The primary dependent variables were the total number of trials to criterion, the number of errors committed, and the number of omitted trials to acquisition during the SD and SDR tasks. Response and pellet-retrieval latencies were also recorded. Perseverative errors were calculated for the SDR task, defined as responses on the stimulus that had been reinforced in the SD phase (A−). Incorrect responses on the stimulus that had not been reinforced in the SD phase (C−) were termed seeking errors. Multiple linear regressions were used to assess the relationship between E2 and P4 concentrations when acquisition occurred and the dependent variables of the reversal-learning task (i.e., total trials, errors, perseverative errors and omissions). Two-way ANOVAs were conducted using phase of cycle (EF, LF, EL, LL) and task phase (SD, SDR) as factors. Significant main effects were followed by post-hoc Fishers LSD tests. Multiple Pearson correlations were used to assess the relationship between mean E2 and P4 concentrations for the phase when acquisition occurred and the dependent variables of the reversal learning task (i.e., total trials, errors, perseverative errors and omissions). Because the data were not normally distributed, distributions were normalized with a square-root transformation to better comply with the assumptions of parametric analysis (Roberts et al., 1988; Wright et al., 2013). In all cases, differences were considered statistically significant at p < 0.05.

SD/SDR task: Maintenance of performance

Once all monkeys acquired the SD/SDR task, they were tested once each week for three months. On the other days of the week animals responded on the DMS task or no cognitive testing occurred. Shapes were presented in non-overlapping sets of three; the set of shapes used during each testing session was randomly selected from the “CAMCOG 0” list associated with the CANTAB system and was not re-used throughout this experiment. Task completion criteria were identical to those described above. Two monkeys stopped cycling regularly and two others were moved to another study, therefore the number of animals that completed testing for all three months decreased to 10 monkeys. For this experiment, each monkey was tested at each of the four phases of the cycle (EF, LF, EL, LL). Blood samples were not collected during this maintenance portion of the task. The within-subject variability in sex hormone concentrations month-to-month in premenopausal subjects was not expected to be high considering previous investigations in women (Gann et al., 2001; Chatterton et al., 2005). Consistent with these reports, prior sampling of hormone concentrations in a subset of monkeys across 3 months did not significantly differ month-to-month (data not shown). Dependent variables included the total number of trials to criterion, the number of errors committed and the number of omitted trials to acquisition during the SD and SDR tasks. Three-way ANOVAs were conducted using cycle phase (EF, LF, EL, LL), stage of task (SD, SDR), and month as factors; significant main effects were followed by post-hoc Fishers LSD tests.
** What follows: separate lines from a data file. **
lemma rotate_sample_in_PiE:
  "j < n \<Longrightarrow> rotate_sample n j u \<in> Pi\<^sub>E {..<n} A
    \<longleftrightarrow> 1 - u j \<in> A j \<and> (\<lambda>i. frac (u i - u j)) \<in> Pi ({..<n} - {j}) A"
  by (auto simp: rotate_sample_def PiE_def Pi_def)

lemma nn_integral_rotate_sample_slice:
  assumes j: "j < n" and A: "\<And>i. i < n \<Longrightarrow> A i \<in> sets borel" and y: "0 < y" "y < 1"
  shows "(\<integral>\<^sup>+x. indicator (Pi\<^sub>E {..<n} A) (rotate_sample n j (x(j := y)))
      \<partial>PiM ({..<n} - {j}) (\<lambda>_. uniform01))
    = indicator (A j) (1 - y) * (\<Prod>i\<in>{..<n} - {j}. emeasure uniform01 (A i))"
proof -
  have "indicator (Pi\<^sub>E {..<n} A) (rotate_sample n j (x(j := y)))
      = indicator (A j) (1 - y) * (\<Prod>i\<in>{..<n} - {j}. indicator (A i) (frac (x i - y)) :: ennreal)" for x
  proof -
    have "rotate_sample n j (x(j := y)) \<in> Pi\<^sub>E {..<n} A
        \<longleftrightarrow> 1 - y \<in> A j \<and> (\<lambda>i. frac (x i - y)) \<in> Pi ({..<n} - {j}) A"
      using j by (simp add: rotate_sample_in_PiE Pi_def)
    then have "indicator (Pi\<^sub>E {..<n} A) (rotate_sample n j (x(j := y)))
        = indicator (A j) (1 - y) * (indicator (Pi ({..<n} - {j}) A) (\<lambda>i. frac (x i - y)) :: ennreal)"
      by (simp add: indicator_def)
    then show ?thesis
      by (simp add: prod_indicator_Pi)
  qed
  then have "(\<integral>\<^sup>+x. indicator (Pi\<^sub>E {..<n} A) (rotate_sample n j (x(j := y)))
        \<partial>PiM ({..<n} - {j}) (\<lambda>_. uniform01))
      = indicator (A j) (1 - y) * (\<integral>\<^sup>+x. (\<Prod>i\<in>{..<n} - {j}. indicator (A i) (frac (x i - y)))
        \<partial>PiM ({..<n} - {j}) (\<lambda>_. uniform01))"
    by (cases "1 - y \<in> A j") simp_all
  also have "\<dots> = indicator (A j) (1 - y) * (\<Prod>i\<in>{..<n} - {j}. emeasure uniform01 (A i))"
    using A y by (subst nn_integral_rotated_box) auto
  finally show ?thesis .
qed
theorem mainTheorem5:
  fixes V :: "'v set" and E :: "'v set set"
    and pos :: "'v \<Rightarrow> complex" and \<gamma> :: "'v set \<Rightarrow> real \<Rightarrow> complex"
    and c \<delta> \<epsilon> :: real and k l :: nat and S :: "nat \<Rightarrow> 'v set"
  assumes G: "simple_graph V E"
    and emb: "plane_embedding V E pos \<gamma>"
    and c: "0 < c" "c < 1" and \<delta>: "0 < \<delta>" "\<delta> < 1" and \<epsilon>: "0 < \<epsilon>" "\<epsilon> < 1"
    and k: "k \<ge> 1"
    and l: "real l \<ge> 2 * real k ^ 2 + 2 * real k / \<delta> + 2 / \<epsilon> - 1"
    and S: "\<forall>h\<in>{1..k}. c_max_indep V E c (S h)"
  shows "\<exists>p\<in>{0..l}.
    (\<forall>h\<in>{1..k}. real (card (S h \<inter> stratum V E pos \<gamma> l p)) \<le> (\<delta> / 2) * real (card (S h))) \<and>
    (\<Sum>i\<in>{1..k}. \<Sum>j\<in>{1..k} - {i}.
        real (card (symdiff (S i \<inter> stratum V E pos \<gamma> l p) (S j \<inter> stratum V E pos \<gamma> l p))))
      \<le> (\<epsilon> / 2) * (\<Sum>i\<in>{1..k}. \<Sum>j\<in>{1..k} - {i}. real (card (symdiff (S i) (S j)))) \<and>
    (\<forall>i\<in>{1..k}. \<forall>j\<in>{1..k}. i \<noteq> j \<longrightarrow>
        real (card (symdiff (S i \<inter> stratum V E pos \<gamma> l p) (S j \<inter> stratum V E pos \<gamma> l p)))
          \<le> (1 / 2) * real (card (symdiff (S i) (S j)))) \<and>
    ((\<forall>i\<in>{1..k}. \<forall>j\<in>{1..k}. i \<noteq> j \<longrightarrow> card (symdiff (S i) (S j)) \<ge> 2) \<longrightarrow>
       (\<forall>i\<in>{1..k}. \<forall>j\<in>{1..k}. i \<noteq> j \<longrightarrow>
          S i - stratum V E pos \<gamma> l p \<noteq> S j - stratum V E pos \<gamma> l p))"
proof -
  have finite_S: "finite (S h)" if "h \<in> {1..k}" for h
  proof (rule finite_subset)
    show "S h \<subseteq> V" using S that by (simp add: c_max_indep_def indep_set_def)
    show "finite V" using G by (simp add: simple_graph_def)
  qed
  have finite_symdiff: "finite (symdiff (S i) (S j))" if "i \<in> {1..k}" "j \<in> {1..k}" for i j
    using finite_S that by (simp add: symdiff_def)
  have few: "real (card {1..k}) * (2 / \<delta>) + 2 / \<epsilon>
      + 2 * (real (card {1..k}) * (real (card {1..k}) - 1)) < real (card {0..l})"
    using l k by (simp add: power2_eq_square algebra_simps)
  obtain p where "p \<in> {0..l}"
    and p: "\<forall>h\<in>{1..k}. real (card (S h \<inter> stratum V E pos \<gamma> l p)) \<le> \<delta> / 2 * real (card (S h))"
      "(\<Sum>i\<in>{1..k}. \<Sum>j\<in>{1..k} - {i}. real (card (symdiff (S i) (S j) \<inter> stratum V E pos \<gamma> l p)))
        \<le> \<epsilon> / 2 * (\<Sum>i\<in>{1..k}. \<Sum>j\<in>{1..k} - {i}. real (card (symdiff (S i) (S j))))"
      "\<forall>i\<in>{1..k}. \<forall>j\<in>{1..k} - {i}. real (card (symdiff (S i) (S j) \<inter> stratum V E pos \<gamma> l p))
        \<le> 1 / 2 * real (card (symdiff (S i) (S j)))"
    using exists_part_sparse_in_sets[where A = S and D = "\<lambda>i j. symdiff (S i) (S j)"
        and L = "stratum V E pos \<gamma> l", OF finite_atLeastAtMost finite_atLeastAtMost
        disjoint_family_on_mono[OF subset_UNIV disjoint_family_stratum]
        finite_S finite_symdiff \<delta>(1) \<epsilon>(1) few]
    by blast
  moreover have "S i - stratum V E pos \<gamma> l p \<noteq> S j - stratum V E pos \<gamma> l p"
    if "i \<in> {1..k}" "j \<in> {1..k}" "i \<noteq> j" "card (symdiff (S i) (S j)) \<ge> 2" for i j
    using p(3) that by (intro Diff_neq_if_card_symdiff_Int_le_half) auto
  ultimately show ?thesis
    using \<open>p \<in> {0..l}\<close> unfolding symdiff_Int_right by blast
qed

end
lemma area_nonneg: "0 \<le> area x T j"
  by (simp add: area_def)

lemma lump_add: "lump x T NT (\<lambda>j k. f j k + g j k) = lump x T NT f + lump x T NT g"
  by (simp add: lump_def sum.distrib algebra_simps)

lemma lump_diff: "lump x T NT (\<lambda>j k. f j k - g j k) = lump x T NT f - lump x T NT g"
  by (simp add: lump_def sum_subtractf algebra_simps)

lemma lump_cmult: "lump x T NT (\<lambda>j k. c * f j k) = c * lump x T NT f"
  by (simp add: lump_def sum_distrib_left algebra_simps)

lemma lump_cong:
  "(\<And>j k. j < NT \<Longrightarrow> k < 3 \<Longrightarrow> f j k = g j k) \<Longrightarrow> lump x T NT f = lump x T NT g"
  by (simp add: lump_def)

lemma lump_mono:
  "(\<And>j k. j < NT \<Longrightarrow> k < 3 \<Longrightarrow> f j k \<le> g j k) \<Longrightarrow> lump x T NT f \<le> lump x T NT g"
  unfolding lump_def by (intro mult_left_mono sum_mono) (auto intro: mult_left_mono area_nonneg)

lemma lump_nonneg: "(\<And>j k. j < NT \<Longrightarrow> k < 3 \<Longrightarrow> 0 \<le> f j k) \<Longrightarrow> 0 \<le> lump x T NT f"
  using lump_mono[of NT "\<lambda>_ _. 0" f x T] by (simp add: lump_def)

lemma willmore_eq_lump: "willmore x T NT H = lump x T NT (\<lambda>j k. 1/2 * (H (T j k))\<^sup>2)"
  using lump_cmult[of x T NT "1/2" "\<lambda>j k. H (T j k) * H (T j k)"]
  by (simp add: willmore_def ipS_def vf_def power2_eq_square)

lemma lump_area_diff_le:
  assumes "\<forall>j<NT. Jac x T j \<noteq> 0" and "\<And>j k. 0 \<le> c j k"
  shows "lump y T NT c - lump x T NT c
    \<le> lump x T NT (\<lambda>j k. c j k * frob (gradV x T j y) (gradV x T j (\<lambda>v. y v - x v)))"
proof -
  have "(area y T j - area x T j) * c j k
      \<le> area x T j * (c j k * frob (gradV x T j y) (gradV x T j (\<lambda>v. y v - x v)))"
    if "j < NT" for j k
    using mult_right_mono[OF area_diff_le_frob_gradV[of x T j y] assms(2)] assms(1) that
    by (simp add: algebra_simps)
  then have "(\<Sum>j<NT. \<Sum>k<3. (area y T j - area x T j) * c j k)
      \<le> (\<Sum>j<NT. \<Sum>k<3. area x T j * (c j k * frob (gradV x T j y) (gradV x T j (\<lambda>v. y v - x v))))"
    by (intro sum_mono) auto
  then show ?thesis
    unfolding lump_def left_diff_distrib sum_subtractf by linarith
qed

lemma willmore_step_decrease:
  fixes x y w :: "nat \<Rightarrow> real^3" and H H' V \<beta>1 \<beta>2 :: "nat \<Rightarrow> real" and \<alpha> \<tau> :: real
  assumes "\<tau> > 0"
    and nondegenerate: "\<forall>j<NT. Jac x T j \<noteq> 0"
    and normal: "ipS x T NT (\<lambda>j k. ((1 / \<tau>) *\<^sub>R (y (T j k) - x (T j k))) \<bullet> nrm x T j) (vf T V)
        = ipS x T NT (vf T V) (vf T V)"
    and tangential1: "ipS x T NT (\<lambda>j k. (y (T j k) - x (T j k)) \<bullet> tau1 x T j) (vf T \<beta>1) = 0"
    and tangential2: "ipS x T NT (\<lambda>j k. (y (T j k) - x (T j k)) \<bullet> tau2 x T j) (vf T \<beta>2) = 0"
    and motion: "ipV x T NT (\<lambda>j k. V (T j k) *\<^sub>R nrm x T j
          + \<alpha> *\<^sub>R (\<beta>1 (T j k) *\<^sub>R tau1 x T j + \<beta>2 (T j k) *\<^sub>R tau2 x T j))
          (vf T (\<lambda>v. y v - x v))
        = ipM x T NT (\<lambda>j k. H' (T j k) *\<^sub>R gradV x T j w - outer (nrm x T j) (gradS x T j H')
          - (1/2 * (H' (T j k))\<^sup>2) *\<^sub>R gradV x T j y) (\<lambda>j k. gradV x T j (\<lambda>v. y v - x v))"
    and curvature: "ipS x T NT (vf T (\<lambda>v. H' v - H v)) (vf T H')
        = ipM x T NT (\<lambda>j k. gradV x T j (\<lambda>v. y v - x v))
          (\<lambda>j k. outer (nrm x T j) (gradS x T j H') - H' (T j k) *\<^sub>R gradV x T j w)"
  shows "willmore y T NT H' \<le> willmore x T NT H"
proof -
  define d where "d j k = y (T j k) - x (T j k)" for j k
  define G where "G j = frob (gradV x T j y) (gradV x T j (\<lambda>v. y v - x v))" for j
  have "1 / \<tau> * lump x T NT (\<lambda>j k. V (T j k) * (d j k \<bullet> nrm x T j))
      = ipS x T NT (\<lambda>j k. ((1 / \<tau>) *\<^sub>R (y (T j k) - x (T j k))) \<bullet> nrm x T j) (vf T V)"
    unfolding ipS_def vf_def lump_cmult[symmetric] by (rule lump_cong) (simp add: d_def)
  then have "lump x T NT (\<lambda>j k. V (T j k) * (d j k \<bullet> nrm x T j)) = \<tau> * ipS x T NT (vf T V) (vf T V)"
    using normal \<open>\<tau> > 0\<close> by (simp add: field_simps)
  moreover have "lump x T NT (\<lambda>j k. \<beta>1 (T j k) * (d j k \<bullet> tau1 x T j)) = 0"
    and "lump x T NT (\<lambda>j k. \<beta>2 (T j k) * (d j k \<bullet> tau2 x T j)) = 0"
    using tangential1 tangential2 by (simp_all add: ipS_def vf_def d_def mult.commute)
  moreover have "ipV x T NT (\<lambda>j k. V (T j k) *\<^sub>R nrm x T j
          + \<alpha> *\<^sub>R (\<beta>1 (T j k) *\<^sub>R tau1 x T j + \<beta>2 (T j k) *\<^sub>R tau2 x T j))
          (vf T (\<lambda>v. y v - x v))
      = lump x T NT (\<lambda>j k. V (T j k) * (d j k \<bullet> nrm x T j)
          + (\<alpha> * (\<beta>1 (T j k) * (d j k \<bullet> tau1 x T j)) + \<alpha> * (\<beta>2 (T j k) * (d j k \<bullet> tau2 x T j))))"
    unfolding ipV_def vf_def
    by (rule lump_cong) (simp add: d_def inner_add_left inner_commute algebra_simps)
  ultimately have work: "ipV x T NT (\<lambda>j k. V (T j k) *\<^sub>R nrm x T j
          + \<alpha> *\<^sub>R (\<beta>1 (T j k) *\<^sub>R tau1 x T j + \<beta>2 (T j k) *\<^sub>R tau2 x T j))
          (vf T (\<lambda>v. y v - x v)) = \<tau> * ipS x T NT (vf T V) (vf T V)"
    by (simp add: lump_add lump_cmult)
  have cancel: "ipS x T NT (vf T (\<lambda>v. H' v - H v)) (vf T H') + \<tau> * ipS x T NT (vf T V) (vf T V)
      = - lump x T NT (\<lambda>j k. 1/2 * (H' (T j k))\<^sup>2 * G j)"
    unfolding work[symmetric] motion curvature ipM_def lump_add[symmetric]
      lump_cmult[of x T NT "-1", simplified, symmetric]
    by (rule lump_cong) (simp add: G_def frob_eq_inner inner_diff_left inner_diff_right
        inner_commute[of "gradV x T _ (\<lambda>v. y v - x v)"] algebra_simps)
  have "willmore y T NT H' - lump x T NT (\<lambda>j k. 1/2 * (H' (T j k))\<^sup>2)
      \<le> lump x T NT (\<lambda>j k. 1/2 * (H' (T j k))\<^sup>2 * G j)"
    unfolding willmore_eq_lump G_def by (rule lump_area_diff_le[OF nondegenerate]) simp
  moreover have "lump x T NT (\<lambda>j k. 1/2 * (H' (T j k))\<^sup>2) - willmore x T NT H
      \<le> ipS x T NT (vf T (\<lambda>v. H' v - H v)) (vf T H')"
  proof -
    have "1/2 * a\<^sup>2 - 1/2 * b\<^sup>2 \<le> (a - b) * a" for a b :: real
      using zero_le_power2[of "a - b"] by (simp add: power2_eq_square algebra_simps)
    then show ?thesis
      unfolding willmore_eq_lump ipS_def vf_def lump_diff[symmetric] by (rule lump_mono)
  qed
  moreover have "0 \<le> ipS x T NT (vf T V) (vf T V)"
    unfolding ipS_def by (rule lump_nonneg) simp
  ultimately show ?thesis
    using cancel \<open>\<tau> > 0\<close> by (smt (verit) mult_nonneg_nonneg)
qed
Experiment 2. Effects of menstrual cycle phase on DMS performance

In this task, a target image appeared on the screen and, following a response on the target, three images appeared after a 0 or 1 second delay. A response on the previously displayed image resulted in delivery of a 190-mg food pellet. A response on either of the other two images resulted in a 10-second time out and no pellet delivery. Once percent accuracy reached 80% for 3 consecutive days with this short delay, trials with gradually higher delays were included. Delay values were adjusted until task performance met predetermined criteria: short delay, >78% accuracy; middle delay, 55%–78% accuracy; long delay <55% accuracy (see Table 1 for short-, medium- and long-delay values for each monkey). Delays were randomly presented throughout each session so that there were ~27 trials per delay per session. DMS performance was deemed stable when accuracy at each delay length remained within these accuracy ranges for 5 consecutive days. Eleven of the 14 monkeys included in the analysis reached stability within 3 months of training initiation; three monkeys did not reach the stability criteria within 6 months and were therefore not included in statistical analysis (see Table 1). Once stability was reached, monkeys continued on the task at their individualized short-, medium- and long-delay values for a minimum of 3 days per menstrual cycle phase (i.e., EF, LF, EL, LL).

Data Analysis

The primary dependent variables were percent accuracy at each delay length, response latencies for target and match phases and pellet retrieval latencies. To compare baseline delay-effect curves between phases of the menstrual cycle a two-way repeated measures ANOVA with phase of cycle (EF, LF, EL, LL) and delay (short, medium, long) as factors was conducted. Significant main effects were followed by post-hoc comparisons using Fisher’s LSD tests.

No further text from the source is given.